By Darren Smith, Weekend Contributor
In honour of World Press Freedom Day, we bring to you la Maison des Journalistes (MDJ), a French non-profit organization that offers shelter and support to journalists forced to flee their home countries. The MDJ was founded in 2002, and has since housed more than 250 journalists from 54 different countries. Maison des journalists offers courageous journalists a temporary home and the help they need to rebuild their lives.
The first role of the organization is to recognize individual journalists and the sacrifices they have made in the name of press freedom and human rights. It works to ensure that they are not forgotten or left to their own devices upon arrival in a foreign country, whose language many of our residents do not speak. Men and women come to the Maison des Journalistes during a particularly difficult time in their lives and many are dealing with serious physical and psychological scars.
MDJ offers a real and actual sanctuary for those who have risked their lives to bring news to the world. And the world could benefit from this example to open similar efforts in other nations. Some of the benefits provide include:
Housing, Meals and Transportation
Journalists are housed free of charge for a period of six months. Each resident has an individual room and access to common spaces such as the kitchen and a work room where they can connect to the internet. The security of the residents is very important and so the building has been secured.
Administrative, Legal and Social Assistance
Administrative, legal and social assistance provided by the MDJ helps the journalists navigate the complexities of the French legal system when applying for political asylum and obtain housing and health care coverage by the end of their six month stay here.
French Language Classes
75 percent of the journalists housed at MDJ come from non-francophone countries. The MDJ offers a French language class several times a week.
Thanks to the partnership with many Schools of Journalism – Sciences Po, Lille ESJ, Montpellier ESJ, the MDJ allowed several refugee journalists to adapt and advance their journalistic skills to get a French diploma for presenting themselves well-equipped in the national media market.
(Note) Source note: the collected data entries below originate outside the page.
lemma fibres_distance_tendsto_zero:
  fixes G :: "'a::metric_space set" and \<psi> :: "'a \<Rightarrow> complex" and w :: "nat \<Rightarrow> complex"
  assumes G: "compact G" "finite V" "V \<subseteq> G"
    and arcs: "\<forall>C \<in> components (G - V). C homeomorphic {0<..<(1::real)}"
    and \<psi>: "continuous_on G \<psi>" "\<psi> ` G \<subseteq> sphere 0 1"
    and fibres: "\<And>z. connected {x\<in>G. \<psi> x = z}"
    and ab: "\<And>k. a k \<in> G" "\<And>k. b k \<in> G" "\<And>k. \<psi> (a k) = w k" "\<And>k. \<psi> (b k) = w k"
    and w: "inj w"
  shows "(\<lambda>k. dist (a k) (b k)) \<longlonglongrightarrow> 0"
proof (rule ccontr)
  assume "\<not> ?thesis"
  then obtain \<epsilon> where \<epsilon>: "0 < \<epsilon>" "infinite {k. \<epsilon> \<le> dist (a k) (b k)}"
    using not_tendsto_zero_infinite_ge by (metis zero_le_dist)
  define S where "S = {k. \<epsilon> \<le> dist (a k) (b k)} - w -` (\<psi> ` V)"
  have "finite (w -` (\<psi> ` V))" using G(2) w by (intro finite_vimageI) auto
  then have "infinite S" using \<epsilon>(2) unfolding S_def by (rule Diff_infinite_finite)
  have S_avoids: "w k \<notin> \<psi> ` V" if "k \<in> S" for k using that unfolding S_def by simp
  obtain C0 and r :: "nat \<Rightarrow> nat" where C0: "C0 \<in> components (G - V)" and r: "strict_mono r" "\<And>n. r n \<in> S"
    and fibres_C0: "\<And>n. {x\<in>G. \<psi> x = w (r n)} \<subseteq> C0"
    by (rule infinitely_many_fibres_in_one_component[OF G arcs \<psi> fibres \<open>infinite S\<close>, where a = a and w = w])
      (use ab(1,3) S_avoids in auto)
  show False
  proof (rule disjoint_connected_subsets_of_arc_not_separated)
    show "compact (closure C0)" by (rule compact_closure_component[OF G(1) C0])
    show "finite V" by fact
    show "closure C0 - V \<subseteq> C0" by (rule closure_component_Diff_subset[OF compact_imp_closed[OF G(1)] C0])
    show "C0 homeomorphic {0<..<(1::real)}" using C0 arcs by blast
    show "disjoint_family (\<lambda>n. {x\<in>G. \<psi> x = w (r n)})"
      using inj_eq[OF w] strict_mono_eq[OF r(1)] unfolding disjoint_family_on_def by auto
    show "connected {x\<in>G. \<psi> x = w (r n)}" "{x\<in>G. \<psi> x = w (r n)} \<subseteq> C0" for n
      using fibres fibres_C0 by auto
    show "a (r n) \<in> {x\<in>G. \<psi> x = w (r n)}" "b (r n) \<in> {x\<in>G. \<psi> x = w (r n)}" for n
      using ab by auto
    show "0 < \<epsilon>" "\<epsilon> \<le> dist (a (r n)) (b (r n))" for n using \<epsilon>(1) r(2) unfolding S_def by auto
  qed
qed

section \<open>Orbits\<close>

lemma inj_power_cis_irrational:
  assumes "\<alpha> \<notin> \<rat>"
  shows "inj (\<lambda>n::nat. cis (2 * pi * \<alpha>) ^ n)"
proof
  fix m n :: nat assume "cis (2 * pi * \<alpha>) ^ m = cis (2 * pi * \<alpha>) ^ n"
  then have "cis (real m * (2 * pi * \<alpha>)) = cis (real n * (2 * pi * \<alpha>))" by (metis Complex.DeMoivre)
  then have "cis (real m * (2 * pi * \<alpha>)) / cis (real n * (2 * pi * \<alpha>)) = 1" by simp
  then have "cos (real m * (2 * pi * \<alpha>) - real n * (2 * pi * \<alpha>)) = 1"
    by (metis cis_divide cis.sel(1) one_complex.sel(1))
  then obtain j :: int where "real m * (2 * pi * \<alpha>) - real n * (2 * pi * \<alpha>) = real_of_int j * 2 * pi"
    using cos_one_2pi_int by blast
  then have "2 * pi * (\<alpha> * (real m - real n)) = 2 * pi * j" by (simp add: algebra_simps)
  then have j: "\<alpha> * (real m - real n) = j" by simp
  show "m = n"
  proof (rule ccontr)
    assume "m \<noteq> n"
    then have "\<alpha> = j / (real m - real n)" using j by (simp add: field_simps)
    also have "\<dots> \<in> \<rat>" by (intro Rats_divide Rats_diff) auto
    finally show False using assms by simp
  qed
qed

lemma funpow_semiconj_mult:
  fixes c :: "'b::monoid_mult"
  assumes "f ` G \<subseteq> G" "\<And>x. x \<in> G \<Longrightarrow> \<psi> (f x) = c * \<psi> x" "x \<in> G"
  shows "(f ^^ n) x \<in> G \<and> \<psi> ((f ^^ n) x) = c ^ n * \<psi> x"
  by (induction n) (use assms in \<open>auto simp: mult.assoc\<close>)

lemma not_scrambled_if_dist_bounded_below:
  assumes "0 < \<eta>" "\<And>n. \<eta> \<le> dist ((f ^^ n) x) ((f ^^ n) y)"
  shows "\<not> scrambled_pair f x y"
proof -
  have "ereal \<eta> \<le> liminf (\<lambda>n. ereal (dist ((f ^^ n) x) ((f ^^ n) y)))"
    by (intro Liminf_bounded always_eventually allI) (simp add: assms(2))
  then show ?thesis using assms(1) unfolding scrambled_pair_def by (auto simp: zero_ereal_def)
qed

lemma not_scrambled_if_dist_tendsto_zero:
  assumes "(\<lambda>n. dist ((f ^^ n) x) ((f ^^ n) y)) \<longlonglongrightarrow> 0"
  shows "\<not> scrambled_pair f x y"
proof -
  have "limsup (\<lambda>n. ereal (dist ((f ^^ n) x) ((f ^^ n) y))) = ereal 0"
    by (intro lim_imp_Limsup tendsto_ereal assms) simp
  then show ?thesis unfolding scrambled_pair_def by (simp add: zero_ereal_def)
qed

lemma dist_bounded_below_if_images_equidistant:
  fixes \<psi> :: "'a::metric_space \<Rightarrow> 'b::metric_space"
  assumes "compact G" "continuous_on G \<psi>" "\<And>n. x n \<in> G" "\<And>n. y n \<in> G"
    and "0 < d" "\<And>n. dist (\<psi> (x n)) (\<psi> (y n)) = d"
  obtains \<eta> where "0 < \<eta>" "\<And>n. \<eta> \<le> dist (x n) (y n)"
proof -
  have "uniformly_continuous_on G \<psi>" using assms(1,2) compact_uniformly_continuous by blast
  then obtain \<eta> where "0 < \<eta>" and \<eta>: "\<forall>p\<in>G. \<forall>q\<in>G. dist q p < \<eta> \<longrightarrow> dist (\<psi> q) (\<psi> p) < d"
    unfolding uniformly_continuous_on_def using assms(5) by blast
  have "\<eta> \<le> dist (x n) (y n)" for n
    using \<eta> assms(3,4,6)[of n] by (metis dist_commute less_irrefl not_le)
  then show thesis using that \<open>0 < \<eta>\<close> by blast
qed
The following shows the homelands of those who MDJ has assisted since its inception:
But, a personal story shows what has been faced by MDJ’s residents have endured and the relief MDJ has provided.
Johnny (who declined to give his last name), a journalist from the Central African Republic (CAR), left his home in the capital Bangui after his brother was killed. For the past four months, he has been living in a tiny room at the non-profit overlooking a nearby cemetery.
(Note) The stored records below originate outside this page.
text \<open>Encode a partition \<open>\<lambda>\<close> with \<open>\<ell>\<close> parts by its beta set \<open>B = {\<lambda>\<^sub>i + \<ell> - i}\<close>, the hook
  lengths of its first column. Then \<open>|\<lambda>| = \<Sum>B - (|B| choose 2)\<close>, and the cells of hook length
  \<open>k\<close> correspond to the \<open>y \<in> B\<close> with \<open>y - k \<notin> B\<close>: on a \<open>k\<close>-abacus, the beads with an empty
  slot above them.

  A runner with \<open>c\<close> beads of which \<open>d\<close> can move has bead sum at least \<open>(d(d+1) + c(c-1))/2\<close>.
  Summing over the \<open>k\<close> runners, a convexity inequality for the bead counts together with
  \<open>d(d+1) \<ge> 2(q + 1)d - q(q + 1)\<close> gives \<open>2|\<lambda>| \<ge> k(2(q + 1)\<alpha>\<^sub>k(\<lambda>) - kq(q + 1))\<close> for every \<open>q\<close>, hence
  \<open>\<alpha>\<^sub>k(\<lambda>) \<le> m\<close> whenever \<open>|\<lambda>| < t(m+1,k)\<close>.

  Conversely, for \<open>n \<ge> t(m,k)\<close> write \<open>m = qk + r\<close> and \<open>n - t(m,k) = ka + c\<close>. Putting \<open>q\<close> or
  \<open>q + 1\<close> beads on every other position of each runner, an extra bead at \<open>0\<close> on runner
  \<open>(c + r) mod k\<close>, and pushing the top bead of runner \<open>0\<close> down by \<open>a\<close> yields a beta set with at
  least \<open>m\<close> movable beads whose partition has size exactly \<open>n\<close>.\<close>

section \<open>Beta numbers and hook lengths\<close>

text \<open>\<open>beta p i\<close> is the hook length of the first-column cell \<open>(i, 0)\<close>.\<close>
definition beta :: "nat list \<Rightarrow> nat \<Rightarrow> nat" where
  "beta p i = p ! i + (length p - 1 - i)"

definition beta_set :: "nat list \<Rightarrow> nat set" where
  "beta_set p = beta p ` {..<length p}"

text \<open>In abacus language, the elements of \<open>movable k B\<close> are the beads with an empty slot
  right above them on their runner; for \<open>B\<close> a beta set they correspond to the cells of hook
  length \<open>k\<close>.\<close>
definition movable :: "nat \<Rightarrow> nat set \<Rightarrow> nat" where
  "movable k B = card {y \<in> B. k \<le> y \<and> y - k \<notin> B}"

definition leg :: "nat list \<Rightarrow> nat \<Rightarrow> nat \<Rightarrow> nat" where
  "leg p i j = card {r. i < r \<and> r < length p \<and> j < p ! r}"

lemma sorted_ge_nth_antimono:
  fixes p :: "nat list"
  assumes "sorted_wrt (\<ge>) p" "i \<le> j" "j < length p"
  shows "p ! j \<le> p ! i"
  using assms by (cases "i = j") (auto simp: sorted_wrt_iff_nth_less)

lemma beta_strict_antimono:
  assumes "sorted_wrt (\<ge>) p" "i < j" "j < length p"
  shows "beta p j < beta p i"
  using sorted_ge_nth_antimono[OF assms(1) less_imp_le[OF assms(2)] assms(3)] assms(2,3)
  unfolding beta_def by linarith

lemma beta_antimono:
  assumes "sorted_wrt (\<ge>) p" "i \<le> j" "j < length p"
  shows "beta p j \<le> beta p i"
  using beta_strict_antimono[OF assms(1) _ assms(3), of i] assms(2) by (cases "i = j") auto

lemma inj_on_beta:
  assumes "sorted_wrt (\<ge>) p"
  shows "inj_on (beta p) {..<length p}"
proof (rule inj_onI)
  fix x y assume "x \<in> {..<length p}" "y \<in> {..<length p}" "beta p x = beta p y"
  then show "x = y" using beta_strict_antimono[OF assms, of x y] beta_strict_antimono[OF assms, of y x]
    by (cases x y rule: linorder_cases) auto
qed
“The first few nights were rough, but I got used to it,” he said of his new lodgings.
Despite the view, the MDJ has given Johnny a safe refuge from the violence in CAR. The country has been wracked by inter-religious fighting between Seleka – a coalition of mostly Muslim rebels from the north who briefly seized power in March 2013 – and Christian militia known as “anti-balaka”, which means “anti-machete” in the local Sango language.
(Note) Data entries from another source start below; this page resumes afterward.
(* Let $n\ge1$ and let $P=(Q,\{a,\varepsilon\},\Sigma,R,\{q_f\},q_{in},a_{in})$ be an order-$n$ HOPDA such that every rule of $R$ whose operation is $\mathrm{push}_n$ or $\mathrm{pop}_n$ has output $\varepsilon$, and whose language is $L(P)=\{$words of runs from $(q_{in},[\cdots[a_{in}]_1\cdots]_n)$ to $(q_f,[\,]_n)\}$, where $[\,]_n$ is the empty order-$n$ stack. Let $\widehat{P}$ be the order-$(n-1)$ HOPDA with tests defined below. Then $\mathrm{Unb}_a(L(P))$ holds if and only if $\mathrm{Unb}_a(L(\widehat{P}))$ holds. Definition of $\widehat{P}$: for $q,q'\in Q$ let $C_{q,q'}$ be the set of order-$(n-1)$ stacks $w$ such that $P$ has a run from $(q,[w]_n)$ to $(q',[\,]_n)$, and $C^a_{q,q'}\subseteq C_{q,q'}$ the set of those $w$ for which such a run exists that outputs at least one $a$; let $\mathrm{True}$ be the set of all order-$(n-1)$ stacks. The control states of $\widehat{P}$ are the pairs $(p_1,p_2)\in Q\times Q$ plus a fresh state $f$; the initial state is $(q_{in},q_f)$, the initial stack is $[\cdots[a_{in}]_1\cdots]_{n-1}$ (just $a_{in}$ if $n=1$), the final states are $\{f\}$, and the rules (written source, top symbol, test, output, operation, target) are: (i) for each $(p_1,b,\gamma,op,p_1')\in R$ with $op\notin\{\mathrm{push}_n,\mathrm{pop}_n\}$ and each $p_2\in Q$: $((p_1,p_2),b,\mathrm{True},\gamma,op,(p_1',p_2))$; (ii) for each $(p_1,b,\varepsilon,\mathrm{pop}_n,p_2)\in R$: $((p_1,p_2),b,\mathrm{True},\varepsilon,\mathrm{rew}_b,f)$; (iii) for each $(p_1,b,\varepsilon,\mathrm{push}_n,p_1')\in R$ and all $p,p_2\in Q$: $((p_1,p_2),b,C_{p,p_2},\varepsilon,\mathrm{rew}_b,(p_1',p))$ and $((p_1,p_2),b,C^a_{p,p_2},a,\mathrm{rew}_b,(p_1',p))$; (iv) for each $(p_1,b,\varepsilon,\mathrm{push}_n,p_1')\in R$ and all $p,p_2\in Q$: $((p_1,p_2),b,C_{p_1',p},\varepsilon,\mathrm{rew}_b,(p,p_2))$ and $((p_1,p_2),b,C^a_{p_1',p},a,\mathrm{rew}_b,(p,p_2))$.
   Context: Order-$0$ stacks are elements of a finite alphabet $\Sigma$; an order-$(k+1)$ stack is a finite (possibly empty) sequence $[w_1\dots w_\ell]_{k+1}$ of order-$k$ stacks, $w_1$ topmost. For an order-$n$ stack: $\mathrm{top}_1$ is the topmost symbol; $\mathrm{rew}_b$ replaces the topmost symbol by $b$; $\mathrm{push}_k$ ($1\le k\le n$) replaces the topmost order-$k$ stack $[w_1w_2\dots w_\ell]_k$ by $[w_1w_1w_2\dots w_\ell]_k$; $\mathrm{pop}_k$ replaces it by $[w_2\dots w_\ell]_k$. $\mathrm{Ops}_n$ is the set of these operations for $1\le k\le n$ (only $\mathrm{rew}_b$ when $n=0$). An order-$n$ HOPDA $(Q,\Gamma,\Sigma,R,F,q_{in},a_{in})$ has rules $R\subseteq Q\times\Sigma\times\Gamma\times\mathrm{Ops}_n\times Q$, where $\Gamma$ contains $\varepsilon$ denoting the empty word; $(q,w)\xrightarrow{\gamma}(q',op(w))$ when $(q,b,\gamma,op,q')\in R$ and $\mathrm{top}_1(w)=b$; a run's word is the concatenation of its outputs. An order-$n$ HOPDA with tests has rules $(q,b,T,\gamma,op,q')$ where $T$ is a set of order-$n$ stacks, and the transition $(q,w)\xrightarrow{\gamma}(q',op(w))$ additionally requires $w\in T$. Unless stated otherwise, $L(\cdot)$ is the set of words of runs from $(q_{in},[\cdots[a_{in}]_1\cdots]_n)$ to a configuration with control state in $F$. $\mathrm{Unb}_a(L)$ holds iff for every $N$ some $w\in L$ contains at least $N$ occurrences of $a$. *)

theory Defs
  imports Main
begin

(* An order-0 stack is a symbol; an order-(k+1) stack is a list of order-k stacks,
   the head of the list being the topmost element. The order is given by wf_stack. *)
datatype 's stack = Sym 's | Stk "'s stack list"

fun wf_stack :: "'s set \<Rightarrow> nat \<Rightarrow> 's stack \<Rightarrow> bool" where
  "wf_stack S 0 (Sym b) = (b \<in> S)"
| "wf_stack S (Suc k) (Stk ws) = (\<forall>w\<in>set ws. wf_stack S k w)"
| "wf_stack S _ _ = False"

definition init_stack :: "nat \<Rightarrow> 's \<Rightarrow> 's stack" where
  "init_stack n a = ((\<lambda>w. Stk [w]) ^^ n) (Sym a)"

datatype 's op = Rew 's | Push nat | Pop nat

fun top1 :: "'s stack \<Rightarrow> 's option" where
  "top1 (Sym b) = Some b"
| "top1 (Stk []) = None"
| "top1 (Stk (w # ws)) = top1 w"

fun rew_top :: "'s \<Rightarrow> 's stack \<Rightarrow> 's stack option" where
  "rew_top b (Sym _) = Some (Sym b)"
| "rew_top b (Stk []) = None"
| "rew_top b (Stk (w # ws)) = map_option (\<lambda>w'. Stk (w' # ws)) (rew_top b w)"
Johnny fled the country after he was targeted by Seleka, afraid that staying in Bangui amounted to suicide.
“They confiscated my bag and computer,” he said. “They wanted to take them. Finally, they gave me my computer back and when I went to put it into my bag, a grenade rolled out. They put a grenade in my backpack.”
But life in exile is filled with its own challenges, a fact all too familiar to MDJ staff.
“When they first get here, we give them housing and we help them get political asylum,” Darline Cothière, MDJ’s director, explained. “Then we help them get the right paperwork, so they can get medical coverage and unemployment. It’s administrative help, but its stuff that needs to be done.”
Because so many of those who cross MDJ’s threshold have lived through trauma, the non-profit also provides psychological counseling.
Despite the presence of both French and African Union forces in CAR, the conflict has worn-on, raising fears it could spiral into ethnic cleansing or genocide. But Johnny still hopes that one day he will be able to return home and work without fear of persecution. Until then, the MDJ has provided him the means to start rebuilding his life.
The mission of la Maison Des Journalistes is very laudable and necessary. The people of the world benefit dearly from those who have sacrificed everything to bring justice and freedom to so many. Other nations could start similar refuges for the cause if they saw the need and embraced these human rights. Hopefully MDJ will become one of many to come.